High-resolution Computer Vision improved by AI

The system could improve image quality in video streaming or help autonomous vehicles identify road hazards in real-time.

An autonomous vehicle must rapidly and accurately recognize objects that it encounters, from an idling delivery truck parked at the corner to a cyclist whizzing toward an approaching intersection.

To do this, the vehicle might use a powerful computer vision model to categorize every pixel in a high-resolution image of this scene, so it doesn’t lose sight of objects that might be obscured in a lower-quality image. But this task, known as semantic segmentation, is complex and requires a huge amount of computation when the image has high resolution.

Researchers from MIT, the MIT-IBM Watson AI Lab, and elsewhere have developed a more efficient computer vision model that vastly reduces the computational complexity of this task. Their model can perform semantic segmentation accurately in real-time on a device with limited hardware resources, such as the on-board computers that enable an autonomous vehicle to make split-second decisions.

Recent state-of-the-art semantic segmentation models directly learn the interaction between each pair of pixels in an image, so their calculations grow quadratically as image resolution increases. Because of this, while these models are accurate, they are too slow to process high-resolution images in real time on an edge device like a sensor or mobile phone.

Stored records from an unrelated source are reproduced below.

lemma early_backward_in_R:
  assumes "X \<in> R" "1 \<le> i" "i \<le> k" "v \<notin> X" "early (del X (i + 1))"
  shows "early (del X i)"
proof -
  have XI: "X \<in> Inv_on V (k + 1) p" using assms(1) R_Inv_on by blast
  then have X: "X \<subseteq> V" "card X = k + 1" "inverted p X" and fin: "finite X"
    using card_Suc_finite[of X k] by (auto simp: Inv_on_def)
  show ?thesis
  proof (cases "extendable (del X (i + 1))")
    case True
    then have "extendable X" using inverted_facet_bound[OF fin X(3) assms(2)] X(2) assms(3) by simp
    note Xv = insert_v_Inv_on[OF XI assms(4) this]
    have "insert v (del X (i + 1)) \<in> R" using True assms(5) by (simp add: early_def)
    then have "insert v (del X i) \<in> R"
      using consistent_on_facet_step(1)[OF consistent Xv(1), of "i + 1"] Xv(2,3) assms(1-3) by simp
    then show ?thesis using \<open>extendable X\<close> del_subset[of X i] by (auto simp: early_def)
  next
    case False
    then have "even k" using assms(5) by (simp add: early_def)
    show ?thesis
    proof (cases "extendable (del X i)")
      case True
      with False have "\<not> p (elt X i) < p v" by (auto simp: del_def)
      then have "i = 1" using inverted_facet_bound_1[OF fin X(3) assms(2) _ True] X(2) assms(3)
        by simp
      then have "(insert v (del X 1), X) \<in> qrel_on V (k + 1) p"
        using qrel_on_insert_min_1[OF XI v_mem] \<open>even k\<close> True \<open>\<not> p (elt X i) < p v\<close>
          X(1) assms(4) v_less
        by auto
      then have "insert v (del X i) \<in> R" using R_closed assms(1) \<open>i = 1\<close> by blast
      then show ?thesis using True by (simp add: early_def)
    qed (use \<open>even k\<close> in \<open>auto simp: early_def\<close>)
  qed
qed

The MIT researchers designed a new building block for semantic segmentation models that achieves the same abilities as these state-of-the-art models, but with only linear computational complexity and hardware-efficient operations.

The result is a new model series for high-resolution computer vision that performs up to nine times faster than prior models when deployed on a mobile device. Importantly, this new model series exhibited the same or better accuracy than these alternatives.

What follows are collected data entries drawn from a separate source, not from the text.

(* Let $W\subseteq\mathbb{H}$, let $x\in\mathbb{P}\mathbb{R}_+^d$ be a totally irrational direction, and let $M\in GL_{d+1}(\mathbb{Z})\cap M_{d+1}(\mathbb{N})$. If $W$ has non-empty interior for the topology $\mathcal{T}_x$, then $MW$ has non-empty interior for the topology $\mathcal{T}_{Mx}$.
   Context: $h(y)=\sum_iy_i$ on $\mathbb{R}^{d+1}$, $P=\{h=0\}$, $\mathbb{H}=\{z\in\mathbb{Z}^{d+1}:h(z)\ge0\}$. $\mathbb{P}\mathbb{R}_+^d$ is the set of positive directions, $v(x)$ the $\ell^1$-normalized representative, $Mx=[Mv(x)]$, $\pi_x(z)=z-h(z)v(x)$; $x$ is totally irrational if the coordinates of $v(x)$ are $\mathbb{Q}$-linearly independent. $\mathcal{T}_x$ is the topology on $\mathbb{H}$ whose open sets are $\pi_x^{-1}(U)\cap\mathbb{H}$ with $U\subseteq P$ open. *)

theory Defs
  imports "HOL-Analysis.Analysis"
begin

text \<open>Ambient space R^{d+1} is modelled as real^'n for a finite index type 'n
  (so d+1 = CARD('n)); integer points are int^'n.\<close>

definition hsum :: "real^'n \<Rightarrow> real" where
  "hsum y = (\<Sum>i\<in>UNIV. y $ i)"

definition hsum_int :: "int^'n \<Rightarrow> int" where
  "hsum_int z = (\<Sum>i\<in>UNIV. z $ i)"

definition Pplane :: "(real^'n) set" where
  "Pplane = {y. hsum y = 0}"

definition Hset :: "(int^'n) set" where
  "Hset = {z. hsum_int z \<ge> 0}"

definition real_vec :: "int^'n \<Rightarrow> real^'n" where
  "real_vec z = (\<chi> i. of_int (z $ i))"

definition real_mat :: "int^'n^'n \<Rightarrow> real^'n^'n" where
  "real_mat M = (\<chi> i j. of_int (M $ i $ j))"

text \<open>A point of the positive projective space is represented by its
  l1-normalised representative v(x): all coordinates positive, sum 1.\<close>
definition pos_dir :: "real^'n \<Rightarrow> bool" where
  "pos_dir v \<longleftrightarrow> (\<forall>i. v $ i > 0) \<and> hsum v = 1"

definition totally_irrational :: "real^'n \<Rightarrow> bool" where
  "totally_irrational v \<longleftrightarrow>
     (\<forall>q :: 'n \<Rightarrow> rat. (\<Sum>i\<in>UNIV. of_rat (q i) * v $ i) = 0 \<longrightarrow> (\<forall>i. q i = 0))"

definition act_dir :: "int^'n^'n \<Rightarrow> real^'n \<Rightarrow> real^'n" where
  "act_dir M v = (1 / hsum (real_mat M *v v)) *\<^sub>R (real_mat M *v v)"

definition proj :: "real^'n \<Rightarrow> int^'n \<Rightarrow> real^'n" where
  "proj v z = real_vec z - (of_int (hsum_int z)) *\<^sub>R v"

definition Tx_open :: "real^'n \<Rightarrow> (int^'n) set \<Rightarrow> bool" where
  "Tx_open v S \<longleftrightarrow>
     (\<exists>U. openin (subtopology euclidean Pplane) U \<and> S = {z \<in> Hset. proj v z \<in> U})"

definition Tx :: "real^'n \<Rightarrow> (int^'n) topology" where
  "Tx v = topology (Tx_open v)"

definition GL_nat :: "int^'n^'n \<Rightarrow> bool" where
  "GL_nat M \<longleftrightarrow> (\<exists>N :: int^'n^'n. M ** N = mat 1 \<and> N ** M = mat 1)
                 \<and> (\<forall>i j. M $ i $ j \<ge> 0)"

end

theory Submission
  imports Defs "HOL-Analysis.Kronecker_Approximation_Theorem"
begin

(* Write an integer point as z = pi_x(z) + h(z) v(x). Since M is invertible over the integers,
   pi_x(z) is a linear function of pi_Mx(M z), and h(M z) = f(pi_x(z)) + h(z) f(v(x)) for the
   linear form f = h o M, which is positive at v(x). So a small T_Mx-neighbourhood of M z consists
   of the images M z' with pi_x(z') close to pi_x(z) and h(M z') \<ge> 0; what has to be arranged is
   h(z') \<ge> 0. First, inside the T_x-open subset of W, move to a point z1 with h(M z1) \<ge> 0 by
   adding a multiple of an integer vector of positive height and tiny projection (Dirichlet's
   simultaneous approximation). Near pi_x(z1), the points z' with h(z') < 0 \<le> h(M z') have
   bounded height and so form a finite set, none of which projects onto pi_x(z1) by total
   irrationality; shrinking the neighbourhood excludes them. *)

lemma hsum_add [simp]: "hsum (x + y) = hsum x + hsum y"
  by (simp add: hsum_def sum.distrib)

lemma hsum_diff [simp]: "hsum (x - y) = hsum x - hsum y"
  by (simp add: hsum_def sum_subtractf)

lemma hsum_scaleR [simp]: "hsum (a *\<^sub>R x) = a * hsum x"
  by (simp add: hsum_def sum_distrib_left)

lemma linear_hsum: "linear hsum"
  by (rule linearI) simp_all

lemma of_int_hsum_int: "of_int (hsum_int z) = hsum (real_vec z)"
  by (simp add: hsum_int_def hsum_def real_vec_def)

lemma hsum_int_add: "hsum_int (z + z') = hsum_int z + hsum_int z'"
  by (simp add: hsum_int_def sum.distrib)

lemma hsum_int_smult: "hsum_int (k *s z) = k * hsum_int z"
  by (simp add: hsum_int_def sum_distrib_left)

lemma real_vec_add: "real_vec (z + z') = real_vec z + real_vec z'"
  by (simp add: vec_eq_iff real_vec_def)

lemma real_vec_smult: "real_vec (k *s z) = of_int k *\<^sub>R real_vec z"
  by (simp add: vec_eq_iff real_vec_def)

lemma real_vec_mult: "real_vec (M *v z) = real_mat M *v real_vec z"
  by (simp add: vec_eq_iff real_vec_def real_mat_def matrix_vector_mult_def)

lemma real_mat_mult: "real_mat (A ** B) = real_mat A ** real_mat B"
  by (simp add: vec_eq_iff real_mat_def matrix_matrix_mult_def)

lemma real_mat_one: "real_mat (mat 1) = mat 1"
  by (simp add: vec_eq_iff real_mat_def mat_def)

lemma of_int_hsum_int_mult: "of_int (hsum_int (M *v z)) = hsum (real_mat M *v real_vec z)"
  by (simp add: of_int_hsum_int real_vec_mult)

definition proj_real :: "real^'n \<Rightarrow> real^'n \<Rightarrow> real^'n" where
  "proj_real v y = y - hsum y *\<^sub>R v"

lemma proj_eq_proj_real: "proj v z = proj_real v (real_vec z)"
  by (simp add: proj_def proj_real_def of_int_hsum_int)

lemma linear_proj_real: "linear (proj_real v)"
  by (rule linearI) (simp_all add: proj_real_def algebra_simps)

lemma proj_real_self: "hsum v = 1 \<Longrightarrow> proj_real v v = 0"
  by (simp add: proj_real_def)

lemma real_vec_eq_proj_plus: "real_vec z = proj v z + of_int (hsum_int z) *\<^sub>R v"
  by (simp add: proj_def)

Not only could this technique be used to help autonomous vehicles make decisions in real-time, it could also improve the efficiency of other high-resolution computer vision tasks, such as medical image segmentation.

“While researchers have been using traditional vision transformers for quite a long time, and they give amazing results, we want people to also pay attention to the efficiency aspect of these models. Our work shows that it is possible to drastically reduce the computation so this real-time image segmentation can happen locally on a device,” says Song Han, an associate professor in the Department of Electrical Engineering and Computer Science (EECS), a member of the MIT-IBM Watson AI Lab, and senior author of the paper describing the new model.

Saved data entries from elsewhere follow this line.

lemma finite_fibres_mult_weight:
  assumes "finite_fibres A w" "k > 0"
  shows "finite_fibres A (\<lambda>x. k * w x)"
proof (rule finite_fibres_bounded[where B = "\<lambda>n. {x\<in>A. w x \<le> n}"])
  show "finite {x\<in>A. w x \<le> n}" for n using finite_fibres_atMost[OF assms(1)] .
qed (use assms(2) in auto)

lemma finite_fibres_reindex:
  assumes "bij_betw h B A" "finite_fibres A w"
  shows "finite_fibres B (\<lambda>y. w (h y))"
  unfolding finite_fibres_def
proof
  fix n
  have "bij_betw h {y\<in>B. w (h y) = n} {x\<in>A. w x = n}"
    using assms(1) unfolding bij_betw_def inj_on_def by (auto simp: image_iff)
  then show "finite {y\<in>B. w (h y) = n}"
    using bij_betw_finite assms(2) finite_fibresD by blast
qed

lemma weighted_fps_mult:
  fixes c d :: "_ \<Rightarrow> 'a::comm_semiring_1"
  assumes "finite_fibres A w" "finite_fibres B v"
  shows "weighted_fps A w c * weighted_fps B v d
           = weighted_fps (A \<times> B) (\<lambda>(x, y). w x + v y) (\<lambda>(x, y). c x * d y)"
proof (rule fps_ext)
  fix n
  define S where "S i = {x\<in>A. w x = i} \<times> {y\<in>B. v y = n - i}" for i
  have "finite (S i)" for i using assms unfolding S_def by (simp add: finite_fibresD)
  have "(weighted_fps A w c * weighted_fps B v d) $ n
          = (\<Sum>i=0..n. (\<Sum>x\<in>{x\<in>A. w x = i}. c x) * (\<Sum>y\<in>{y\<in>B. v y = n - i}. d y))"
    by (simp add: fps_mult_nth weighted_fps_nth)
  also have "\<dots> = (\<Sum>i=0..n. \<Sum>(x, y)\<in>S i. c x * d y)"
    unfolding S_def sum_product sum.cartesian_product ..
  also have "\<dots> = (\<Sum>(x, y)\<in>(\<Union>i\<in>{0..n}. S i). c x * d y)"
    using \<open>\<And>i. finite (S i)\<close> by (intro sum.UNION_disjoint[symmetric]) (auto simp: S_def)
  also have "(\<Union>i\<in>{0..n}. S i) = {p\<in>A \<times> B. (case p of (x, y) \<Rightarrow> w x + v y) = n}"
    unfolding S_def by force
  finally show "(weighted_fps A w c * weighted_fps B v d) $ n
      = weighted_fps (A \<times> B) (\<lambda>(x, y). w x + v y) (\<lambda>(x, y). c x * d y) $ n"
    by (simp add: weighted_fps_nth)
qed

lemma weighted_fps_reindex:
  assumes "bij_betw h B A"
  shows "weighted_fps A w c = weighted_fps B (\<lambda>y. w (h y)) (\<lambda>y. c (h y))"
proof (rule fps_ext)
  fix n
  have "bij_betw h {y\<in>B. w (h y) = n} {x\<in>A. w x = n}"
    using assms unfolding bij_betw_def inj_on_def by (auto simp: image_iff)
  then show "weighted_fps A w c $ n = weighted_fps B (\<lambda>y. w (h y)) (\<lambda>y. c (h y)) $ n"
    unfolding weighted_fps_nth by (rule sum.reindex_bij_betw[symmetric])
qed

lemma weighted_fps_cong:
  assumes "\<And>x. x \<in> A \<Longrightarrow> w x = w' x" "\<And>x. x \<in> A \<Longrightarrow> c x = c' x"
  shows "weighted_fps A w c = weighted_fps A w' c'"
proof (rule fps_ext)
  fix n
  have "{x\<in>A. w x = n} = {x\<in>A. w' x = n}" using assms by auto
  then show "weighted_fps A w c $ n = weighted_fps A w' c' $ n"
    unfolding weighted_fps_nth using assms by (auto intro!: sum.cong)
qed

lemma weighted_fps_Int_Diff:
  assumes "finite_fibres A w"
  shows "weighted_fps A w c = weighted_fps (A \<inter> S) w c + weighted_fps (A - S) w c"
proof (rule fps_ext)
  fix n
  have "{x\<in>A \<inter> S. w x = n} = {x\<in>A. w x = n} \<inter> S" "{x\<in>A - S. w x = n} = {x\<in>A. w x = n} - S"
    by auto
  then show "weighted_fps A w c $ n = (weighted_fps (A \<inter> S) w c + weighted_fps (A - S) w c) $ n"
    using sum.Int_Diff[OF finite_fibresD[OF assms]] by (simp add: weighted_fps_nth)
qed

lemma fps_X_mult_weighted_fps:
  "fps_X * weighted_fps A w c = weighted_fps A (\<lambda>x. w x + 1) (c :: _ \<Rightarrow> 'a::comm_semiring_1)"
proof (rule fps_ext)
  fix n
  show "(fps_X * weighted_fps A w c) $ n = weighted_fps A (\<lambda>x. w x + 1) c $ n"
    by (cases n) (simp_all add: weighted_fps_nth fps_X_mult_nth)
qed

lemma weighted_fps_uminus:
  "weighted_fps A w (\<lambda>x. - c x) = - weighted_fps A w (c :: _ \<Rightarrow> 'a::ab_group_add)"
  by (rule fps_ext) (simp add: weighted_fps_nth sum_negf)

lemma weighted_fps_eq_0_if_involution:
  fixes c :: "_ \<Rightarrow> 'a::{idom, ring_char_0}"
  assumes \<sigma>_A: "\<And>x. x \<in> A \<Longrightarrow> \<sigma> x \<in> A" and \<sigma>_\<sigma>: "\<And>x. x \<in> A \<Longrightarrow> \<sigma> (\<sigma> x) = x"
    and w_\<sigma>: "\<And>x. x \<in> A \<Longrightarrow> w (\<sigma> x) = w x" and c_\<sigma>: "\<And>x. x \<in> A \<Longrightarrow> c (\<sigma> x) = - c x"
  shows "weighted_fps A w c = 0"
proof (rule fps_ext)
  fix n
  define F where "F = {x\<in>A. w x = n}"
  have "bij_betw \<sigma> F F"
    unfolding F_def by (rule bij_betw_byWitness[where f' = \<sigma>]) (auto simp: \<sigma>_A \<sigma>_\<sigma> w_\<sigma>)
  then have "(\<Sum>x\<in>F. c x) = (\<Sum>x\<in>F. c (\<sigma> x))"
    by (rule sum.reindex_bij_betw[symmetric])
  also have "\<dots> = - (\<Sum>x\<in>F. c x)"
    by (simp add: sum_negf F_def c_\<sigma>)
  finally have "2 * (\<Sum>x\<in>F. c x) = 0" by (simp only: eq_neg_iff_add_eq_0 mult_2)
  then show "weighted_fps A w c $ n = 0 $ n" by (simp add: weighted_fps_nth F_def)
qed

definition fps_dilate :: "nat \<Rightarrow> 'a::zero fps \<Rightarrow> 'a fps" where
  "fps_dilate k F = Abs_fps (\<lambda>n. if k dvd n then F $ (n div k) else 0)"

lemma fps_dilate_nth: "fps_dilate k F $ n = (if k dvd n then F $ (n div k) else 0)"
  unfolding fps_dilate_def by simp

lemma fps_dilate_1: "fps_dilate k 1 = 1"
  by (rule fps_ext) (auto simp: fps_dilate_nth)

lemma weighted_fps_mult_weight:
  assumes "k > 0"
  shows "weighted_fps A (\<lambda>x. k * w x) c = fps_dilate k (weighted_fps A w c)"
proof (rule fps_ext)
  fix n
  have "{x\<in>A. k * w x = n} = (if k dvd n then {x\<in>A. w x = n div k} else {})"
    using assms by auto
  then show "weighted_fps A (\<lambda>x. k * w x) c $ n = fps_dilate k (weighted_fps A w c) $ n"
    by (simp add: weighted_fps_nth fps_dilate_nth)
qed

lemma weighted_fps_fps_nth: "weighted_fps UNIV (\<lambda>n. n) (fps_nth F) = F"
  by (rule fps_ext) (simp add: weighted_fps_nth)

lemma fps_dilate_weighted_fps_mult:
  fixes c d :: "_ \<Rightarrow> 'a::comm_semiring_1"
  assumes "finite_fibres A w" "finite_fibres B v" "k > 0"
  shows "fps_dilate k (weighted_fps A w c * weighted_fps B v d)
           = weighted_fps (A \<times> B) (\<lambda>(x, y). k * w x + k * v y) (\<lambda>(x, y). c x * d y)"
proof -
  have "fps_dilate k (weighted_fps A w c * weighted_fps B v d)
      = weighted_fps (A \<times> B) (\<lambda>p. k * (case p of (x, y) \<Rightarrow> w x + v y)) (\<lambda>(x, y). c x * d y)"
    using assms by (simp add: weighted_fps_mult weighted_fps_mult_weight)
  also have "\<dots> = weighted_fps (A \<times> B) (\<lambda>(x, y). k * w x + k * v y) (\<lambda>(x, y). c x * d y)"
    by (rule weighted_fps_cong) (auto simp: algebra_simps)
  finally show ?thesis .
qed

lemma fps_dilate_mult:
  fixes F G :: "'a::comm_semiring_1 fps"
  assumes "k > 0"
  shows "fps_dilate k (F * G) = fps_dilate k F * fps_dilate k G"
proof -
  have fib: "finite_fibres UNIV (\<lambda>n::nat. n)" by (simp add: finite_fibres_def)
  have "fps_dilate k (F * G) = fps_dilate k (weighted_fps UNIV (\<lambda>n. n) (fps_nth F)
                                  * weighted_fps UNIV (\<lambda>n. n) (fps_nth G))"
    by (simp add: weighted_fps_fps_nth)
  also have "\<dots> = weighted_fps (UNIV \<times> UNIV) (\<lambda>(i, j). k * i + k * j) (\<lambda>(i, j). F $ i * G $ j)"
    by (rule fps_dilate_weighted_fps_mult[OF fib fib assms])
  also have "\<dots> = weighted_fps UNIV (\<lambda>i. k * i) (fps_nth F) * weighted_fps UNIV (\<lambda>j. k * j) (fps_nth G)"
    by (rule weighted_fps_mult[OF finite_fibres_mult_weight[OF fib assms]
          finite_fibres_mult_weight[OF fib assms], symmetric])
  also have "\<dots> = fps_dilate k F * fps_dilate k G"
    using assms by (simp add: weighted_fps_mult_weight weighted_fps_fps_nth)
  finally show ?thesis .
qed

section \<open>The pentagonal series and Borwein's theta series\<close>

definition pentagonal_fps :: "'a::comm_ring_1 fps" where
  "pentagonal_fps = weighted_fps UNIV pentagonal neg_one_pow"

lemma pentagonal_fps_nth: "pentagonal_fps $ n = (\<Sum>j | pentagonal j = n. neg_one_pow j)"
  unfolding pentagonal_fps_def weighted_fps_nth by simp

lemma pentagonal_fps_nth_0: "pentagonal_fps $ 0 = 1"
proof -
  have "{j. pentagonal j = 0} = {0}" by (auto simp: pentagonal_eq_0_iff)
  then show ?thesis unfolding pentagonal_fps_nth by (simp add: neg_one_pow_def)
qed

definition eisenstein_form :: "int \<times> int \<Rightarrow> nat" where
  "eisenstein_form = (\<lambda>(u, v). nat (u\<^sup>2 + u * v + v\<^sup>2))"

definition eisenstein_form_shifted :: "int \<times> int \<Rightarrow> nat" where
  "eisenstein_form_shifted = (\<lambda>(u, v). nat (u\<^sup>2 + u * v + v\<^sup>2 + u + v))"

text \<open>Borwein's cubic theta functions a(q) and q^(-1/3) c(q).\<close>

definition borwein_a_fps :: "'a::comm_ring_1 fps" where
  "borwein_a_fps = weighted_fps UNIV eisenstein_form (\<lambda>_. 1)"

definition borwein_c_fps :: "'a::comm_ring_1 fps" where
  "borwein_c_fps = weighted_fps UNIV eisenstein_form_shifted (\<lambda>_. 1)"

lemma eisenstein_form_eq: "2 * (u\<^sup>2 + u * v + v\<^sup>2) = (u + v)\<^sup>2 + u\<^sup>2 + (v\<^sup>2 :: int)"
  by (simp add: power2_eq_square algebra_simps)

lemma eisenstein_form_shifted_eq:
  "2 * (u\<^sup>2 + u * v + v\<^sup>2 + u + v) + 1 = (u + v + 1)\<^sup>2 + u\<^sup>2 + (v\<^sup>2 :: int)"
  by (simp add: power2_eq_square algebra_simps)

lemma of_nat_eisenstein_form: "int (eisenstein_form (u, v)) = u\<^sup>2 + u * v + v\<^sup>2"
proof -
  have "0 \<le> 2 * (u\<^sup>2 + u * v + v\<^sup>2)" unfolding eisenstein_form_eq by simp
  then show ?thesis by (simp add: eisenstein_form_def)
qed

lemma of_nat_eisenstein_form_shifted:
  "int (eisenstein_form_shifted (u, v)) = u\<^sup>2 + u * v + v\<^sup>2 + u + v"
proof -
  have "0 \<le> 2 * (u\<^sup>2 + u * v + v\<^sup>2 + u + v) + 1" unfolding eisenstein_form_shifted_eq by simp
  then show ?thesis by (simp add: eisenstein_form_shifted_def)
qed

lemma abs_le_power2_int: "\<bar>x :: int\<bar> \<le> x\<^sup>2"
proof (cases "x = 0")
  case False
  then have "\<bar>x\<bar> * 1 \<le> \<bar>x\<bar> * \<bar>x\<bar>" by (intro mult_left_mono) auto
  then show ?thesis by (simp add: power2_eq_square abs_mult_self_eq)
qed simp

lemma finite_fibres_pentagonal: "finite_fibres UNIV pentagonal"
proof (rule finite_fibres_bounded[where B = "\<lambda>n. {- int n..int n}"])
  show "j \<in> {- int (pentagonal j)..int (pentagonal j)}" for j
    using abs_le_pentagonal[of j] by auto
qed simp

lemma finite_fibres_quadratic:
  fixes Q :: "int \<times> int \<Rightarrow> nat"
  assumes "\<And>u v. u\<^sup>2 + v\<^sup>2 \<le> 2 * int (Q (u, v)) + 1"
  shows "finite_fibres UNIV Q"
proof (rule finite_fibres_bounded[where B = "\<lambda>n. {- 2 * int n - 1..2 * int n + 1} \<times> {- 2 * int n - 1..2 * int n + 1}"])
  fix p :: "int \<times> int"
  obtain u v where p: "p = (u, v)" by (cases p)
  have "\<bar>u\<bar> \<le> 2 * int (Q p) + 1" "\<bar>v\<bar> \<le> 2 * int (Q p) + 1"
    using assms[of u v] abs_le_power2_int[of u] abs_le_power2_int[of v] zero_le_power2[of u]
      zero_le_power2[of v] unfolding p by linarith+
  then show "p \<in> {- 2 * int (Q p) - 1..2 * int (Q p) + 1} \<times> {- 2 * int (Q p) - 1..2 * int (Q p) + 1}"
    unfolding p by (auto simp: abs_le_iff)
qed simp

lemma finite_fibres_eisenstein_form: "finite_fibres UNIV eisenstein_form"
proof (rule finite_fibres_quadratic)
  show "u\<^sup>2 + v\<^sup>2 \<le> 2 * int (eisenstein_form (u, v)) + 1" for u v
    unfolding of_nat_eisenstein_form eisenstein_form_eq using zero_le_power2[of "u + v"] by linarith
qed

lemma finite_fibres_eisenstein_form_shifted: "finite_fibres UNIV eisenstein_form_shifted"
proof (rule finite_fibres_quadratic)
  show "u\<^sup>2 + v\<^sup>2 \<le> 2 * int (eisenstein_form_shifted (u, v)) + 1" for u v
    unfolding of_nat_eisenstein_form_shifted eisenstein_form_shifted_eq
    using zero_le_power2[of "u + v + 1"] by linarith
qed

section \<open>Dissection of the cube of the pentagonal series\<close>

definition pentagonal3 :: "int \<times> int \<times> int \<Rightarrow> nat" where
  "pentagonal3 = (\<lambda>(a, b, c). pentagonal a + pentagonal b + pentagonal c)"

lemma finite_fibres_pentagonal3: "finite_fibres UNIV pentagonal3"
proof -
  have "finite_fibres (UNIV \<times> UNIV \<times> UNIV)
          (\<lambda>(a, bc). pentagonal a + (case bc of (b, c) \<Rightarrow> pentagonal b + pentagonal c))"
    by (intro finite_fibres_Times finite_fibres_pentagonal)
  moreover have "(\<lambda>(a, bc). pentagonal a + (case bc of (b, c) \<Rightarrow> pentagonal b + pentagonal c)) = pentagonal3"
    by (auto simp: pentagonal3_def fun_eq_iff)
  ultimately show ?thesis by simp
qed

He is joined on the paper by lead author Han Cai, an EECS graduate student; Junyan Li, an undergraduate at Zhejiang University; Muyan Hu, an undergraduate student at Tsinghua University; and Chuang Gan, a principal research staff member at the MIT-IBM Watson AI Lab. The research will be presented at the International Conference on Computer Vision.

High-resolution Computer Vision improved by AI — EfficientViT could enable an autonomous vehicle to efficiently perform semantic segmentation, a high-resolution computer vision task that involves categorizing every pixel in a scene so the vehicle can accurately identify objects. Pictured is a still from a demo video showing different colours for categorizing objects. :Image courtesy of the researchers

A simplified solution

Categorizing every pixel in a high-resolution image that may have millions of pixels is a difficult task for a machine-learning model. A powerful new type of model, known as a vision transformer, has recently been used effectively.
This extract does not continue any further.